As of 2026, MatX had not yet shipped a chip. The company plans to manufacture MatX One at TSMC and said its first product is expected to ship in 2027, with a tape-out anticipated within roughly a year of the February 2026 funding announcement.[1][4][5] Pope has publicly acknowledged that scaling manufacturing to data-center volumes and building out the necessary software ecosystem remain significant challenges ahead.[5]
MatX has raised approximately $600 million across several rounds.
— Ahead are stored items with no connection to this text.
lemma automorphism_fixed_right_div:
  assumes "is_loop m" and "is_automorphism m T"
    and "T b = b" and "T (m a b) = m a b"
  shows "T a = a"
proof -
  have "T (m a b) = m (T a) (T b)"
    using assms(2) unfolding is_automorphism_def by blast
  then have "m (T a) b = m a b"
    using assms(3,4) by simp
  then show ?thesis
    by (rule loop_right_cancel[OF assms(1)])
qed

lemma automorphic_loop_Lmap_inv_Rmap_automorphism:
  assumes "automorphic_loop m"
  shows "is_automorphism m (inv (Lmap m c) \<circ> Rmap m c)"
proof -
  have "inv (Lmap m c) \<circ> Rmap m c \<in> inner_mappings m"
    using assms Lmap_inv_Rmap_inner_mapping[of m c] unfolding automorphic_loop_def by blast
  with assms show ?thesis
    unfolding automorphic_loop_def by blast
qed

lemma automorphic_loop_commuting_left_div:
  assumes "automorphic_loop m"
    and "m a c = m c a" and "m (m a b) c = m c (m a b)"
  shows "m b c = m c b"
proof -
  have loop: "is_loop m"
    using assms(1) unfolding automorphic_loop_def by blast
  note fixed_iff = Lmap_inv_Rmap_fixed_iff[OF loop, of c]
  have "(inv (Lmap m c) \<circ> Rmap m c) b = b"
    using automorphism_fixed_left_div[OF loop automorphic_loop_Lmap_inv_Rmap_automorphism[OF assms(1)]]
      fixed_iff[THEN iffD2, OF assms(2)] fixed_iff[THEN iffD2, OF assms(3)] .
  then show ?thesis
    by (rule fixed_iff[THEN iffD1])
qed

lemma automorphic_loop_commuting_right_div:
  assumes "automorphic_loop m"
    and "m b c = m c b" and "m (m a b) c = m c (m a b)"
  shows "m a c = m c a"
proof -
  have loop: "is_loop m"
    using assms(1) unfolding automorphic_loop_def by blast
  note fixed_iff = Lmap_inv_Rmap_fixed_iff[OF loop, of c]
  have "(inv (Lmap m c) \<circ> Rmap m c) a = a"
    using automorphism_fixed_right_div[OF loop automorphic_loop_Lmap_inv_Rmap_automorphism[OF assms(1)]]
      fixed_iff[THEN iffD2, OF assms(2)] fixed_iff[THEN iffD2, OF assms(3)] .
  then show ?thesis
    by (rule fixed_iff[THEN iffD1])
qed

lemma automorphic_loop_commuting_cover:
  assumes "automorphic_loop m" and cover: "A \<union> B = UNIV"
    and commute: "\<And>a b. a \<in> A \<Longrightarrow> b \<in> B \<Longrightarrow> m a b = m b a"
  shows "A \<subseteq> commutant m \<or> B \<subseteq> commutant m"
proof (rule ccontr)
  assume "\<not> ?thesis"
  then obtain x y w z where x: "x \<in> A" "m x y \<noteq> m y x" and w: "w \<in> B" "m w z \<noteq> m z w"
    unfolding commutant_def by blast
  have y: "y \<in> A"
    using cover commute[OF x(1)] x(2) by blast
  have z: "z \<in> B"
  proof (rule ccontr)
    assume "z \<notin> B"
    with cover have "z \<in> A" by blast
    from commute[OF this w(1)] w(2) show False by simp
  qed
  consider "m x w \<in> B" | "m x w \<in> A"
    using cover by blast
  then show False
  proof cases
    case 1
    have "m x y = m y x"
      using automorphic_loop_commuting_right_div[OF assms(1)
          commute[OF y w(1), symmetric] commute[OF y 1, symmetric]] .
    with x(2) show False ..
  next
    case 2
    have "m w z = m z w"
      using automorphic_loop_commuting_left_div[OF assms(1)
          commute[OF x(1) z] commute[OF 2 z]] .
    with w(2) show False ..
  qed
qed

lemma no_GG_triple_hom_antihom_cover:
  assumes "half_isomorphism m1 m2 f" and "\<not> (\<exists>x y z. GG_triple m1 m2 f x y z)"
  shows "hom_elements m1 m2 f \<union> antihom_elements m1 m2 f = UNIV"
proof -
  have "x \<in> hom_elements m1 m2 f \<or> x \<in> antihom_elements m1 m2 f" for x
  proof (rule ccontr)
    assume "\<not> ?thesis"
    then obtain y z where "f (m1 x y) \<noteq> m2 (f x) (f y)" and "f (m1 x z) \<noteq> m2 (f z) (f x)"
      unfolding hom_elements_def antihom_elements_def by blast
    moreover from assms(1) this have "f (m1 x y) = m2 (f y) (f x)" and "f (m1 x z) = m2 (f x) (f z)"
      unfolding half_isomorphism_def by blast+
    ultimately have "GG_triple m1 m2 f x z y"
      unfolding GG_triple_def by simp
    with assms(2) show False by blast
  qed
  then show ?thesis by blast
qed

lemma hom_antihom_elements_commute:
  assumes "inj f" and "a \<in> hom_elements m1 m2 f" and "b \<in> antihom_elements m1 m2 f"
  shows "m1 a b = m1 b a"
proof -
  have "f (m1 a b) = f (m1 b a)"
    using assms(2,3) unfolding hom_elements_def antihom_elements_def by simp
  then show ?thesis
    by (rule injD[OF assms(1)])
qed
The figures, leads, and dates below are drawn from press reporting; the company has at times declined to comment on specifics, and some details vary slightly between sources.
| Round | Amount | Date | Lead investors | Reported valuation |
|---|---|---|---|---|
| Seed | About $25 million | December 2023 | Nat Friedman, Daniel Gross | Not disclosed |
| Series A | About $80 million | November 2024 | Spark Capital | Over $300 million |
| Series B | More than $500 million | February 24, 2026 | Jane Street, Situational Awareness | Not disclosed |
The seed round was reported at about $25 million, led by investors Nat Friedman, the former chief executive of GitHub, and Daniel Gross, a former Apple AI and search lead.[6] In November 2024, TechCrunch reported a Series A of roughly $80 million led by venture firm Spark Capital, valuing the company at more than $300 million; MatX and Spark Capital declined to comment at the time.[6] Some later coverage described MatX as having "previously raised over $100 million" before its 2026 round, a figure that appears to aggregate earlier financings.[4]
On February 24, 2026, the company disclosed a round of more than $500 million, reported by Bloomberg and others.[1] The financing was led by quantitative trading firm Jane Street and by Situational Awareness, an investment fund founded by former OpenAI researcher Leopold Aschenbrenner. Additional backers reported included Marvell Technology, venture firms NFDG and Spark Capital, and Stripe co-founders Patrick and John Collison.[1][2] The round was first announced through a LinkedIn post by Pope; the valuation was not disclosed.[1]
MatX is one of a growing field of startups attempting to challenge NVIDIA's dominance of AI hardware by building silicon tuned specifically for transformer-based LLMs, a strategy sometimes described as a wave of "LLM-specific" or "transformer-native" chips. Its most direct comparison is Etched, which is designing chips hardwired for the transformer architecture and which raised $500 million at a reported $5 billion valuation in early 2026.[1] Other AI-chip companies in the broader landscape include Groq and Cerebras, known for SRAM-heavy, inference-oriented designs, as well as SambaNova and Tenstorrent.[3][5] MatX argues that its hybrid SRAM-plus-HBM approach and single architecture for both training and inference let it avoid the specialization that has confined some rivals largely to inference.
Beyond startups, MatX competes against NVIDIA's data-center GPUs and against the in-house accelerators of hyperscalers, including Google's TPUs, Amazon's Trainium and Inferentia, and Microsoft's Maia, all of which represent custom silicon efforts aimed at reducing dependence on NVIDIA.[1][5]
The significance of MatX lies less in any shipped product, since it had none as of 2026, than in what its founders' pedigree and its large funding round signal about investor appetite for purpose-built AI silicon. The company's bet is that as AI compute spending grows and a handful of frontier labs concentrate the largest workloads, hardware specialized for those workloads can win share from general-purpose GPUs on the basis of cost and performance. Whether MatX can convert that thesis into competitive, manufacturable chips remains to be demonstrated, with the company's product roadmap pointing to 2027.[1][3][5]